* **Supplied material**:

lemma universal_no_rational_relation:
  assumes t: "has_universal_expansion m t"
    and \<alpha>: "\<alpha> \<in> \<rat>" "\<alpha> \<noteq> 0" and \<beta>: "\<beta> \<in> \<rat>" and a: "a \<in> A"
  shows "t \<noteq> \<alpha> * a + \<beta>"
proof
  assume rel: "t = \<alpha> * a + \<beta>"
  obtain p q :: int where pq: "q > 0" "\<alpha> = real_of_int p / real_of_int q"
    using \<alpha>(1) by (metis Rats_cases')
  obtain p' q' :: int where pq': "q' > 0" "\<beta> = real_of_int p' / real_of_int q'"
    using \<beta> by (metis Rats_cases')
  have "p \<noteq> 0" using \<alpha>(2) pq by auto
  moreover have "real_of_int (q * q') * t = real_of_int (p * q') * a + real_of_int (p' * q)"
    using rel pq pq' by (simp add: field_simps)
  ultimately show False
    using universal_no_integer_relation[OF t, of "p * q'" "q * q'" a "p' * q"] pq pq' a
    by simp
qed

lemma universal_translates_irrational:
  assumes t: "has_universal_expansion m t"
  shows "(\<lambda>x. x - t) ` A \<subseteq> - \<rat>" and "(\<lambda>x. x + t) ` A \<subseteq> - \<rat>"
proof safe
  show False if "a \<in> A" "a - t \<in> \<rat>" for a
    using universal_no_rational_relation[OF t _ _ _ that(1), of 1 "t - a"] that(2)
      Rats_minus_iff[of "a - t"] by simp
  show False if "a \<in> A" "a + t \<in> \<rat>" for a
    using universal_no_rational_relation[OF t _ _ that(2,1), of "- 1"] by simp
qed

lemma universal_div_set_irrational:
  assumes t: "has_universal_expansion m t" "t \<noteq> 0"
  shows "div_set A t \<subseteq> - \<rat>"
  unfolding div_set_def
proof safe
  show False if "a \<in> A" "a \<noteq> 0" "a / t \<in> \<rat>" for a
    using universal_no_rational_relation[OF t(1) _ _ _ that(1), of "t / a" 0] that t(2)
      Rats_divide[OF Rats_1 that(3)] by simp
qed

lemma universal_inverse_scale_set_irrational:
  assumes t: "has_universal_expansion m (1 / t)" "t \<noteq> 0"
  shows "scale_set t A \<subseteq> - \<rat>"
  unfolding scale_set_def
proof safe
  show False if "a \<in> A" "a \<noteq> 0" "t * a \<in> \<rat>" for a
    using universal_no_rational_relation[OF t(1) _ _ _ that(1), of "1 / (t * a)" 0] that t(2)
      Rats_divide[OF Rats_1 that(3)] by simp
qed

end

theorem corollary3:
  fixes m :: nat and F :: "nat list set" and A :: "real set"
  assumes m2: "m \<ge> 2"
    and finF: "finite F"
    and A_def: "A = madic_value m ` sft m F"
    and nowhere_dense: "interior (closure A) = {}"
  shows "(\<forall>t. 0 < t \<and> t < 1 \<and> has_universal_expansion m t \<longrightarrow>
            (\<lambda>x. x - t) ` A \<subseteq> - \<rat> \<and> (\<lambda>x. x + t) ` A \<subseteq> - \<rat> \<and> div_set A t \<subseteq> - \<rat>)
       \<and> (\<forall>t. 1 < t \<and> has_universal_expansion m (1 / t) \<longrightarrow> scale_set t A \<subseteq> - \<rat>)"
proof -
  have A_subset: "A \<subseteq> {0..1}"
    unfolding A_def by (rule madic_image_sft_subset[OF m2])
  have A_shift: "\<forall>a\<in>A. \<forall>n. \<exists>a'\<in>A. real m ^ n * a - a' \<in> \<int>"
    unfolding A_def using madic_image_sft_shift_Ints[OF m2] by blast
  note A_facts = m2 A_subset A_shift nowhere_dense
  show ?thesis
    using universal_translates_irrational[OF A_facts] universal_div_set_irrational[OF A_facts]
      universal_inverse_scale_set_irrational[OF A_facts] by auto
qed

end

* **Your task**: Retype all of the records above without a single alteration.

* **Answer below**:
lemma universal_no_rational_relation:
  assumes t: "has_universal_expansion m t"
    and \<alpha>: "\<alpha> \<in> \<rat>" "\<alpha> \<noteq> 0" and \<beta>: "\<beta> \<in> \<rat>" and a: "a \<in> A"
  shows "t \<noteq> \<alpha> * a + \<beta>"
proof
  assume rel: "t = \<alpha> * a + \<beta>"
  obtain p q :: int where pq: "q > 0" "\<alpha> = real_of_int p / real_of_int q"
    using \<alpha>(1) by (metis Rats_cases')
  obtain p' q' :: int where pq': "q' > 0" "\<beta> = real_of_int p' / real_of_int q'"
    using \<beta> by (metis Rats_cases')
  have "p \<noteq> 0" using \<alpha>(2) pq by auto
  moreover have "real_of_int (q * q') * t = real_of_int (p * q') * a + real_of_int (p' * q)"
    using rel pq pq' by (simp add: field_simps)
  ultimately show False
    using universal_no_integer_relation[OF t, of "p * q'" "q * q'" a "p' * q"] pq pq' a
    by simp
qed

lemma universal_translates_irrational:
  assumes t: "has_universal_expansion m t"
  shows "(\<lambda>x. x - t) ` A \<subseteq> - \<rat>" and "(\<lambda>x. x + t) ` A \<subseteq> - \<rat>"
proof safe
  show False if "a \<in> A" "a - t \<in> \<rat>" for a
    using universal_no_rational_relation[OF t _ _ _ that(1), of 1 "t - a"] that(2)
      Rats_minus_iff[of "a - t"] by simp
  show False if "a \<in> A" "a + t \<in> \<rat>" for a
    using universal_no_rational_relation[OF t _ _ that(2,1), of "- 1"] by simp
qed

lemma universal_div_set_irrational:
  assumes t: "has_universal_expansion m t" "t \<noteq> 0"
  shows "div_set A t \<subseteq> - \<rat>"
  unfolding div_set_def
proof safe
  show False if "a \<in> A" "a \<noteq> 0" "a / t \<in> \<rat>" for a
    using universal_no_rational_relation[OF t(1) _ _ _ that(1), of "t / a" 0] that t(2)
      Rats_divide[OF Rats_1 that(3)] by simp
qed

lemma universal_inverse_scale_set_irrational:
  assumes t: "has_universal_expansion m (1 / t)" "t \<noteq> 0"
  shows "scale_set t A \<subseteq> - \<rat>"
  unfolding scale_set_def
proof safe
  show False if "a \<in> A" "a \<noteq> 0" "t * a \<in> \<rat>" for a
    using universal_no_rational_relation[OF t(1) _ _ _ that(1), of "1 / (t * a)" 0] that t(2)
      Rats_divide[OF Rats_1 that(3)] by simp
qed

end

theorem corollary3:
  fixes m :: nat and F :: "nat list set" and A :: "real set"
  assumes m2: "m \<ge> 2"
    and finF: "finite F"
    and A_def: "A = madic_value m ` sft m F"
    and nowhere_dense: "interior (closure A) = {}"
  shows "(\<forall>t. 0 < t \<and> t < 1 \<and> has_universal_expansion m t \<longrightarrow>
            (\<lambda>x. x - t) ` A \<subseteq> - \<rat> \<and> (\<lambda>x. x + t) ` A \<subseteq> - \<rat> \<and> div_set A t \<subseteq> - \<rat>)
       \<and> (\<forall>t. 1 < t \<and> has_universal_expansion m (1 / t) \<longrightarrow> scale_set t A \<subseteq> - \<rat>)"
proof -
  have A_subset: "A \<subseteq> {0..1}"
    unfolding A_def by (rule madic_image_sft_subset[OF m2])
  have A_shift: "\<forall>a\<in>A. \<forall>n. \<exists>a'\<in>A. real m ^ n * a - a' \<in> \<int>"
    unfolding A_def using madic_image_sft_shift_Ints[OF m2] by blast
  note A_facts = m2 A_subset A_shift nowhere_dense
  show ?thesis
    using universal_translates_irrational[OF A_facts] universal_div_set_irrational[OF A_facts]
      universal_inverse_scale_set_irrational[OF A_facts] by auto
qed

end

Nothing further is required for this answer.